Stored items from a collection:
**********

lemma flip_full_mem_iff:
  assumes "i \<in> {0..<n}"
  shows "flip {0..<n} i \<in> straddling n A \<longleftrightarrow> i \<in> A"
proof -
  have "{0..<n} - {i} \<noteq> {}" "({0..<n} - {i}) \<inter> A \<noteq> {}" "{0..<n} - {i} \<noteq> {0..<n}"
    using assms A_subset A_not_subset_singleton by auto
  then have "{0..<n} - {i} \<in> straddling n A \<longleftrightarrow> \<not> A \<subseteq> {0..<n} - {i}"
    unfolding mem_straddling_iff by blast
  moreover have "A \<subseteq> {0..<n} - {i} \<longleftrightarrow> i \<notin> A"
    using A_subset by blast
  ultimately show ?thesis
    using assms by (simp add: flip_def)
qed

lemma flip_not_mem:
  assumes v: "v \<subseteq> {0..<n}" "v \<inter> A \<noteq> {}" "\<not> A \<subseteq> v"
    and i: "i \<in> {0..<n}" "flip v i \<notin> straddling n A"
  shows "v \<inter> A = {i} \<or> A - v = {i}"
proof (cases "i \<in> v")
  case True
  then have "v - {i} \<notin> straddling n A"
    using i by (simp add: flip_def)
  moreover have "v - {i} \<subseteq> {0..<n}" "v - {i} \<noteq> {0..<n}" "\<not> A \<subseteq> v - {i}"
    using v True by auto
  ultimately have "v - {i} = {} \<or> (v - {i}) \<inter> A = {}"
    unfolding mem_straddling_iff by blast
  then have "v \<inter> A \<subseteq> {i}" by blast
  then show ?thesis using v(2) by blast
next
  case False
  then have "insert i v \<notin> straddling n A"
    using i by (simp add: flip_def)
  moreover have "insert i v \<subseteq> {0..<n}" "insert i v \<noteq> {}" "insert i v \<inter> A \<noteq> {}"
    using v i by auto
  ultimately have "insert i v = {0..<n} \<or> A \<subseteq> insert i v"
    unfolding mem_straddling_iff by blast
  then have "A - v \<subseteq> {i}" using A_subset by blast
  then show ?thesis using v(3) by blast
qed

lemma flip_mem_but_one:
  assumes v: "v \<subseteq> {0..<n}" "v \<inter> A \<noteq> {}" "\<not> A \<subseteq> v"
  shows "\<exists>j. \<forall>i\<in>{0..<n}. flip v i \<notin> straddling n A \<longrightarrow> i = j"
proof (rule ccontr)
  assume "\<not> ?thesis"
  then obtain i j where "i \<noteq> j" "i \<in> {0..<n}" "j \<in> {0..<n}"
    "flip v i \<notin> straddling n A" "flip v j \<notin> straddling n A"
    by blast
  then have "v \<inter> A = {i} \<or> A - v = {i}" "v \<inter> A = {j} \<or> A - v = {j}"
    using flip_not_mem[OF v] by blast+
  with \<open>i \<noteq> j\<close> have "A \<subseteq> {i, j}" by blast
  then show False using A_not_subset_pair by blast
qed

lemma isometric_straddling: "isometric_in_cube n (straddling n A)"
proof (rule isometric_in_cube_if_flip_toward[OF straddling_subset])
  fix u v assume u: "u \<in> straddling n A" and v: "v \<in> straddling n A" and "u \<noteq> v"
  have uN: "u \<subseteq> {0..<n}" and vN: "v \<subseteq> {0..<n}"
    using u v straddling_subset by auto
  consider "u = {}" | "u = {0..<n}" | "u \<inter> A \<noteq> {}" "\<not> A \<subseteq> u"
    using u mem_straddling_iff by blast
  then show "\<exists>i \<in> sym_diff u v. flip u i \<in> straddling n A"
  proof cases
    case 1
    then have "v \<inter> A \<noteq> {}"
      using v \<open>u \<noteq> v\<close> A_subset A_nonempty unfolding mem_straddling_iff by blast
    then obtain i where "i \<in> v" "i \<in> A" by blast
    then show ?thesis
      using 1 flip_empty_mem_iff A_subset by blast
  next
    case 2
    then have "\<not> A \<subseteq> v"
      using v \<open>u \<noteq> v\<close> A_nonempty unfolding mem_straddling_iff by blast
    then obtain i where "i \<notin> v" "i \<in> A" by blast
    then show ?thesis
      using 2 flip_full_mem_iff A_subset by blast
  next
    case 3
    then obtain j where j: "\<forall>i\<in>{0..<n}. flip u i \<notin> straddling n A \<longrightarrow> i = j"
      using flip_mem_but_one uN by blast
    show ?thesis
    proof (cases "sym_diff u v \<subseteq> {j}")
      case True
      then have "sym_diff u v = {j}" using \<open>u \<noteq> v\<close> by blast
      then show ?thesis using v flip_if_sym_diff_eq by blast
    next
      case False
      then obtain i where "i \<in> sym_diff u v" "i \<noteq> j" by blast
      then show ?thesis using j uN vN by blast
    qed
  qed
qed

**********

» PROBLEM DESCRIPTION
Which lines of the records contain the word "True"? Copy each of them.

» RESPONSE TO THIS TASK
  case True
    using v True by auto
      case True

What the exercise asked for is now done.